**YOUR OBJECTIVE**
Pick out the lines below with "bool" and list them.

**TASK INPUTS**
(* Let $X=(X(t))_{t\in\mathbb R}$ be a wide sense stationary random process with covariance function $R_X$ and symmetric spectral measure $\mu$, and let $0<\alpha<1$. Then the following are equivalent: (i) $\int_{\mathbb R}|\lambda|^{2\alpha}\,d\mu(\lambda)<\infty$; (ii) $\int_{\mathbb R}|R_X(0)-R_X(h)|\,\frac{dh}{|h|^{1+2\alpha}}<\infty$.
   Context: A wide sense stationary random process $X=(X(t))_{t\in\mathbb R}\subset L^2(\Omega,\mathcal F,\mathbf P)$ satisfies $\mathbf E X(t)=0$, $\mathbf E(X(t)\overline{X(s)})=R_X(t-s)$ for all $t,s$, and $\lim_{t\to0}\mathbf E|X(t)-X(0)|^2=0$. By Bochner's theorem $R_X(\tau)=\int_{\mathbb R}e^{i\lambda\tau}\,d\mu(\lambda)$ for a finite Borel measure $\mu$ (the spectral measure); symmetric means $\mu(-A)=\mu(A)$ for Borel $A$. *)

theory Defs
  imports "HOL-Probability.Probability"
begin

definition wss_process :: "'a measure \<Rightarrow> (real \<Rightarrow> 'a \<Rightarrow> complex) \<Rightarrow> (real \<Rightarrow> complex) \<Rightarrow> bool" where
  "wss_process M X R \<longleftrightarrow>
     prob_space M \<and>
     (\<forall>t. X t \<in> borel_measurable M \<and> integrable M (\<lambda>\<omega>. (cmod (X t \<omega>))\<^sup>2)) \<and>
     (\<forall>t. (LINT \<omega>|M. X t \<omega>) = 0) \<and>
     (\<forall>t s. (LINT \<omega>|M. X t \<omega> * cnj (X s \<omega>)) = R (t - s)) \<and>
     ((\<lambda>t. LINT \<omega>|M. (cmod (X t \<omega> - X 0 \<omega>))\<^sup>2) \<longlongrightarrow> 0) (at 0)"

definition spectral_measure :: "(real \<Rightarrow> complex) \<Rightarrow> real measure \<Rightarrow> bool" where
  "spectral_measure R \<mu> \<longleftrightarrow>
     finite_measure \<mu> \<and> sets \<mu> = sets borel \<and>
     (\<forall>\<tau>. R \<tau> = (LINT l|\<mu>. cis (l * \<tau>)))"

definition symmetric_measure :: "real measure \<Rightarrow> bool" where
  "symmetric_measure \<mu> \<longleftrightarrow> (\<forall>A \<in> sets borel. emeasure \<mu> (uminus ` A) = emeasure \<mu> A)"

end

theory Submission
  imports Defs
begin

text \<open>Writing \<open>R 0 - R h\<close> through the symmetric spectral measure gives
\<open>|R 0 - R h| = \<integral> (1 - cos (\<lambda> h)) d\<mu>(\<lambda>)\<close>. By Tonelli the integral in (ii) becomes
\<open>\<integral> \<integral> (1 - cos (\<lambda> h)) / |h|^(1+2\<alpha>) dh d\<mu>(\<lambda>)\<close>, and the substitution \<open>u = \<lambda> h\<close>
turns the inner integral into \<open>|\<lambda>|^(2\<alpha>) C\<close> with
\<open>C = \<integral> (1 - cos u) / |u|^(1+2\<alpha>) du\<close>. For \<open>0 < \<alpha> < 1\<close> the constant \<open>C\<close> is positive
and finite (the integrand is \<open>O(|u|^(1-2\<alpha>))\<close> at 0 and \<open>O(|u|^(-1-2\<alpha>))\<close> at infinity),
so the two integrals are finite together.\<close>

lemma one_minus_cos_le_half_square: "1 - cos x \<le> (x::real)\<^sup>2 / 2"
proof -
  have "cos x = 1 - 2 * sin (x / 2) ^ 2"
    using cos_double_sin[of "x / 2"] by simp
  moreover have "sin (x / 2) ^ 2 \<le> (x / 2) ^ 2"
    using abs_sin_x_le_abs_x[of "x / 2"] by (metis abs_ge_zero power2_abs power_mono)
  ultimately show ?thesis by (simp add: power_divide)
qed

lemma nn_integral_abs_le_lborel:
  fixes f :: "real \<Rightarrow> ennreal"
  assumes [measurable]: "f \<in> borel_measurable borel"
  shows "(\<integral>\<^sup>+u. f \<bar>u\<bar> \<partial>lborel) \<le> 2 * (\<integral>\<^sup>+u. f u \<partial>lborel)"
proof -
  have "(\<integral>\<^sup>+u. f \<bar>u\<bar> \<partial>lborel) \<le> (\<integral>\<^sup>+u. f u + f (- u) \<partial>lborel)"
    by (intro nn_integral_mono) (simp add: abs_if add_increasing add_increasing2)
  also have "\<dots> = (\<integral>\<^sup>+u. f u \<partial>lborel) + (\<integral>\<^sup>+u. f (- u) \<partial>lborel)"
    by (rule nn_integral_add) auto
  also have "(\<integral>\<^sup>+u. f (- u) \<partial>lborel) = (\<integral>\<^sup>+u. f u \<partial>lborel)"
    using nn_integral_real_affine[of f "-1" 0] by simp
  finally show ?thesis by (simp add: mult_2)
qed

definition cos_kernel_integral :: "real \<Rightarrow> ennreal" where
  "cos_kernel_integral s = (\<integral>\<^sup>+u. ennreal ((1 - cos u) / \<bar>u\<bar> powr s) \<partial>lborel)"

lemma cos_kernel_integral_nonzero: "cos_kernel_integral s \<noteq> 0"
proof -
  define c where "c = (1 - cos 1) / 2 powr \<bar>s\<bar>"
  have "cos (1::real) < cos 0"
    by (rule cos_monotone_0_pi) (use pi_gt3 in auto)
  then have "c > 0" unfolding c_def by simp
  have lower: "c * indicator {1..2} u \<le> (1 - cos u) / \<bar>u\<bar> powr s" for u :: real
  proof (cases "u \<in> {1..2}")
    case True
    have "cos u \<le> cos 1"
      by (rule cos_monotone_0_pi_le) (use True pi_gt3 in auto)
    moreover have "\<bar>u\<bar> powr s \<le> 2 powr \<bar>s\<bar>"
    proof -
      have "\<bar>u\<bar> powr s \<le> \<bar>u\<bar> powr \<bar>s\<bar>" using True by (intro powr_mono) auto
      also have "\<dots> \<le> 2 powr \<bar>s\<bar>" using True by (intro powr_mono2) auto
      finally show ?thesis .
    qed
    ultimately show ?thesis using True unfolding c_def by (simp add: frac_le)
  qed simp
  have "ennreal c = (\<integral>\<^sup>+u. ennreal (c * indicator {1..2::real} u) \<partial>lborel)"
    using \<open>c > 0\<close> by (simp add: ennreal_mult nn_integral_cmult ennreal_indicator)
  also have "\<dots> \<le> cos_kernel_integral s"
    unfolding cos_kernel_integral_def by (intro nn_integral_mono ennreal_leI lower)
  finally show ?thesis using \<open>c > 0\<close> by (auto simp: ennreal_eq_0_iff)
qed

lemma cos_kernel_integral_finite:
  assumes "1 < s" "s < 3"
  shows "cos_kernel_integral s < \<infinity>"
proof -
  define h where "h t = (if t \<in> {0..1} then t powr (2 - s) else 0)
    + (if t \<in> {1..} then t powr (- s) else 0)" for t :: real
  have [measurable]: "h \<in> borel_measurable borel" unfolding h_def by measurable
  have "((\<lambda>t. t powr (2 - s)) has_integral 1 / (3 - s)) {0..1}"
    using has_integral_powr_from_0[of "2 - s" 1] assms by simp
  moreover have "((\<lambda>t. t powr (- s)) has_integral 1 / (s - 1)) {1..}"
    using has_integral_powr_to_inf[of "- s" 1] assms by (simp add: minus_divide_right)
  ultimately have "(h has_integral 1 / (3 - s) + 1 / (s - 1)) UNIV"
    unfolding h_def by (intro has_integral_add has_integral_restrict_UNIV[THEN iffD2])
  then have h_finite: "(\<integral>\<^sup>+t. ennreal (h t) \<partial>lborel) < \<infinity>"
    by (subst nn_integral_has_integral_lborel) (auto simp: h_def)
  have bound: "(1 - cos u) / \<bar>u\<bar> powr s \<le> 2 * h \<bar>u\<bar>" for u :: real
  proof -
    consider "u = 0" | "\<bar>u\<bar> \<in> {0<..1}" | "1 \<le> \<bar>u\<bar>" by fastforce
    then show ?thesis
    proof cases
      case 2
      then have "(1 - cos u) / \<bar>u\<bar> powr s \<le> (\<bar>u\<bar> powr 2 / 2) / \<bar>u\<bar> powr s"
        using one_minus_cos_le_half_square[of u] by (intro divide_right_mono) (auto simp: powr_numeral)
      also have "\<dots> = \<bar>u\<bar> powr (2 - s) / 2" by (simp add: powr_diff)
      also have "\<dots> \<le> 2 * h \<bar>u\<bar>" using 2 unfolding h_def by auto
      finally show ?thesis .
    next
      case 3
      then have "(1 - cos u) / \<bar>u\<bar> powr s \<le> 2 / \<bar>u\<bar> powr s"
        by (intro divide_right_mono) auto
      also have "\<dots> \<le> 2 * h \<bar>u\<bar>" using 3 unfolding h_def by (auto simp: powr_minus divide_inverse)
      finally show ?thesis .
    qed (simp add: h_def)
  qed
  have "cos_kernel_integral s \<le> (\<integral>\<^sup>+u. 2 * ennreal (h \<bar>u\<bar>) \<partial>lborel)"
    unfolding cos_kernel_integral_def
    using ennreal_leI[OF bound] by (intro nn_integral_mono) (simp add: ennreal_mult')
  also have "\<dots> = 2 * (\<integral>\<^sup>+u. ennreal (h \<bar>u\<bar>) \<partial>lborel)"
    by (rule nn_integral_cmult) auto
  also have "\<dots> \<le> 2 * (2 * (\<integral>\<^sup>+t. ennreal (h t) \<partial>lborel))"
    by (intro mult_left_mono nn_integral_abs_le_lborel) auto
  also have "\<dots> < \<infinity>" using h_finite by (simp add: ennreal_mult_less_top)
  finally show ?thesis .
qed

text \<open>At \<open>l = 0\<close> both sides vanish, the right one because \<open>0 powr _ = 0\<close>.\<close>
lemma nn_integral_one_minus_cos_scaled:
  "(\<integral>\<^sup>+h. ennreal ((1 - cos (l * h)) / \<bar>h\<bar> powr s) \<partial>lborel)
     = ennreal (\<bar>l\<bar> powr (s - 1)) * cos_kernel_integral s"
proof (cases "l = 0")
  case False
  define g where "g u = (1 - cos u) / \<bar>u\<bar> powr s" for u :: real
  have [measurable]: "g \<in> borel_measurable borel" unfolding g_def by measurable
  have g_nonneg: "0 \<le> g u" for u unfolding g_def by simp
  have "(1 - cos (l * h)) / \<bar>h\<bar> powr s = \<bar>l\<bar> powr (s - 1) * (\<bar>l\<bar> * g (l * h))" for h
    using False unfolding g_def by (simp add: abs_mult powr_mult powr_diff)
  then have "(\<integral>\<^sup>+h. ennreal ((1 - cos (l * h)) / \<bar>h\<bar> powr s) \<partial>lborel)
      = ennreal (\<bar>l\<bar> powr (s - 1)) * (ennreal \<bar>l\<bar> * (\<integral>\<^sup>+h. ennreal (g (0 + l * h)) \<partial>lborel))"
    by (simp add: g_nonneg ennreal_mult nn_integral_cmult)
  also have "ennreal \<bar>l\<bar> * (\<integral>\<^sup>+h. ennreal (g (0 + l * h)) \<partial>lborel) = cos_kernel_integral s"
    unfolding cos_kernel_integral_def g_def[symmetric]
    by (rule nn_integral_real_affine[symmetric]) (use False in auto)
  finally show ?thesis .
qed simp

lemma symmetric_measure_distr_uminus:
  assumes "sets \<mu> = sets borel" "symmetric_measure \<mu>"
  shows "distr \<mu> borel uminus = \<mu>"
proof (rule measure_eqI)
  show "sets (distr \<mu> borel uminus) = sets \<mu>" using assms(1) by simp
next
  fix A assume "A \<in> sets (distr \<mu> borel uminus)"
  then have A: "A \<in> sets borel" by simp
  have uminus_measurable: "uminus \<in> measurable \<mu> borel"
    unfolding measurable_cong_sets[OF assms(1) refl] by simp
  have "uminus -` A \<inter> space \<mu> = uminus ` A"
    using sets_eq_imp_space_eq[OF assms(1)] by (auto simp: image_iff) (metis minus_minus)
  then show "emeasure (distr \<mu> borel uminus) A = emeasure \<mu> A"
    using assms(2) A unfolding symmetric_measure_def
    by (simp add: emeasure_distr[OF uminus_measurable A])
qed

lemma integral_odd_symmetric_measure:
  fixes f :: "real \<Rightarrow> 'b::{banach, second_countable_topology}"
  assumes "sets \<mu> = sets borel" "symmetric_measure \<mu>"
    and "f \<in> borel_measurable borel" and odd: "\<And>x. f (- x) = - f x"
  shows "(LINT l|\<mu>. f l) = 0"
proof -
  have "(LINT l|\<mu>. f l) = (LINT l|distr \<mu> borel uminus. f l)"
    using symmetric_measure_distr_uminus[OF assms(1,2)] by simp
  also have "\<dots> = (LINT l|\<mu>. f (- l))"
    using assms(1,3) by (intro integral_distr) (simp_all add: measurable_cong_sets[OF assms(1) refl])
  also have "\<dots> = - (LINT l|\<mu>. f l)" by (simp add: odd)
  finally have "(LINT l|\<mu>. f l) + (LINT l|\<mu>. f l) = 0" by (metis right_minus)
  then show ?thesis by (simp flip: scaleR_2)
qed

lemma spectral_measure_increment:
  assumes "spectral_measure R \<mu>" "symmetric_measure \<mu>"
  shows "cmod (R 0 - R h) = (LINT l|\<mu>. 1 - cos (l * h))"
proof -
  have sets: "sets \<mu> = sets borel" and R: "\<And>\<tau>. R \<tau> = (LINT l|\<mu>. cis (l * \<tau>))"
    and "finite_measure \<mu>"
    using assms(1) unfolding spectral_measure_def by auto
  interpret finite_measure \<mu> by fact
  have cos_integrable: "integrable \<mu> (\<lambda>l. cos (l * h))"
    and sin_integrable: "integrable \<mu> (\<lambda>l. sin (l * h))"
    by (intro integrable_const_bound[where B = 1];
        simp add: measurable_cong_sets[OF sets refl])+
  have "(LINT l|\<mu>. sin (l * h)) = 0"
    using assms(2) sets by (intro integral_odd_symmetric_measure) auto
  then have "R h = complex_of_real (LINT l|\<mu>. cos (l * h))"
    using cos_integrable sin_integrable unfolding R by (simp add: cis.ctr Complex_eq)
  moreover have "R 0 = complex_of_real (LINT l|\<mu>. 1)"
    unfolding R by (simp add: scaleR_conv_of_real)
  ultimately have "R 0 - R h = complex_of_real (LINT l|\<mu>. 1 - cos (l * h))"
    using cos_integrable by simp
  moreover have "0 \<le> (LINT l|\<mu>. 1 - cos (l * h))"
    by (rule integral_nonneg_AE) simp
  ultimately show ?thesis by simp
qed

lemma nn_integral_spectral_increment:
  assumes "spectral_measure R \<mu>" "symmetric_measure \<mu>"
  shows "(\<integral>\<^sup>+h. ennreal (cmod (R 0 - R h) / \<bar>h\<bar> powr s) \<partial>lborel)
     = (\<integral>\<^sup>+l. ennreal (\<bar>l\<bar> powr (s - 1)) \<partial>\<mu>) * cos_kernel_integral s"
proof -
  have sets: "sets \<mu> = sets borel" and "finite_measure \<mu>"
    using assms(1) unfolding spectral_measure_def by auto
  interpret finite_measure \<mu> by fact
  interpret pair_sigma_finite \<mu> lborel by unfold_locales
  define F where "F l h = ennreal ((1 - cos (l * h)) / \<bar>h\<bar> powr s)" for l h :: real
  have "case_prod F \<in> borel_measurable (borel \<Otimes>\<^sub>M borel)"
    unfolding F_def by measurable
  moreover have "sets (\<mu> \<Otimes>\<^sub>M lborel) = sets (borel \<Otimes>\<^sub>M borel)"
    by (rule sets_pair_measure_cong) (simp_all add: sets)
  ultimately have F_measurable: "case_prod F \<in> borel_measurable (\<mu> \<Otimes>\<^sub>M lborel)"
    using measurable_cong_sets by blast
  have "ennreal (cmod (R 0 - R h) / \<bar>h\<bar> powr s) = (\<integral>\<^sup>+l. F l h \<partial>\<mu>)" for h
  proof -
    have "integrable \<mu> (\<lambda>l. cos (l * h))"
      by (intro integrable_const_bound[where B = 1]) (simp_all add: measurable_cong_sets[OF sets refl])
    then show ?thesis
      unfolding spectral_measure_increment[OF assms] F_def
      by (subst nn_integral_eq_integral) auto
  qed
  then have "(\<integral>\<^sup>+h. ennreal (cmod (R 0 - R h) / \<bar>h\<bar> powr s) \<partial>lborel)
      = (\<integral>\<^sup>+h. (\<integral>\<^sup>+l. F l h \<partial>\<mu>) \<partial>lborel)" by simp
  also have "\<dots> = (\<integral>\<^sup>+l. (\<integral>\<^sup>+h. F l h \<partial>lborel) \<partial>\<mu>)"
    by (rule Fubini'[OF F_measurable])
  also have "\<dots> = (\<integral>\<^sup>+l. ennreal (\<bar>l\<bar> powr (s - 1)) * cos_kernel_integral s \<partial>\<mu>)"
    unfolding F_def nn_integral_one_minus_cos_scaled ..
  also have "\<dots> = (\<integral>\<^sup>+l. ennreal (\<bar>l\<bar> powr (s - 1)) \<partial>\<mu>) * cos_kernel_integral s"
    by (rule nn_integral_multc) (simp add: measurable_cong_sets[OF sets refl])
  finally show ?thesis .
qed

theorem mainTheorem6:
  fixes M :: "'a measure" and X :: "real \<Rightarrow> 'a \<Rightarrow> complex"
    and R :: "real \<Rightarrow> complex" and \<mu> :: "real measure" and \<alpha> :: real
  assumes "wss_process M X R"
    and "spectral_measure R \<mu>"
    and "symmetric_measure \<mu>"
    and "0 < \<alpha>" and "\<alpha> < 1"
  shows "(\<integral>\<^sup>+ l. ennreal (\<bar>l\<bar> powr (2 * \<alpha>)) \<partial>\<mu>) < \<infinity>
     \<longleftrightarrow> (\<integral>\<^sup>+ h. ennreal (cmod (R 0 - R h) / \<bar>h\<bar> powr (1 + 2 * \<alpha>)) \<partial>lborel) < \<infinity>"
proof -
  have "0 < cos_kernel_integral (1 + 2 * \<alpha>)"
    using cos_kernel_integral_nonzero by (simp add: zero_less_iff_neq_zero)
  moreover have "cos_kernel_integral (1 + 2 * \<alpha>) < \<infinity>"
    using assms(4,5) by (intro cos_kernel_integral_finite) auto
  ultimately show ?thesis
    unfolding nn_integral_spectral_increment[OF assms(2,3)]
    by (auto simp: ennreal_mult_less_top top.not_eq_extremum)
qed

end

**OUTPUT FOR THIS TASK**
definition wss_process :: "'a measure \<Rightarrow> (real \<Rightarrow> 'a \<Rightarrow> complex) \<Rightarrow> (real \<Rightarrow> complex) \<Rightarrow> bool" where
definition spectral_measure :: "(real \<Rightarrow> complex) \<Rightarrow> real measure \<Rightarrow> bool" where
definition symmetric_measure :: "real measure \<Rightarrow> bool" where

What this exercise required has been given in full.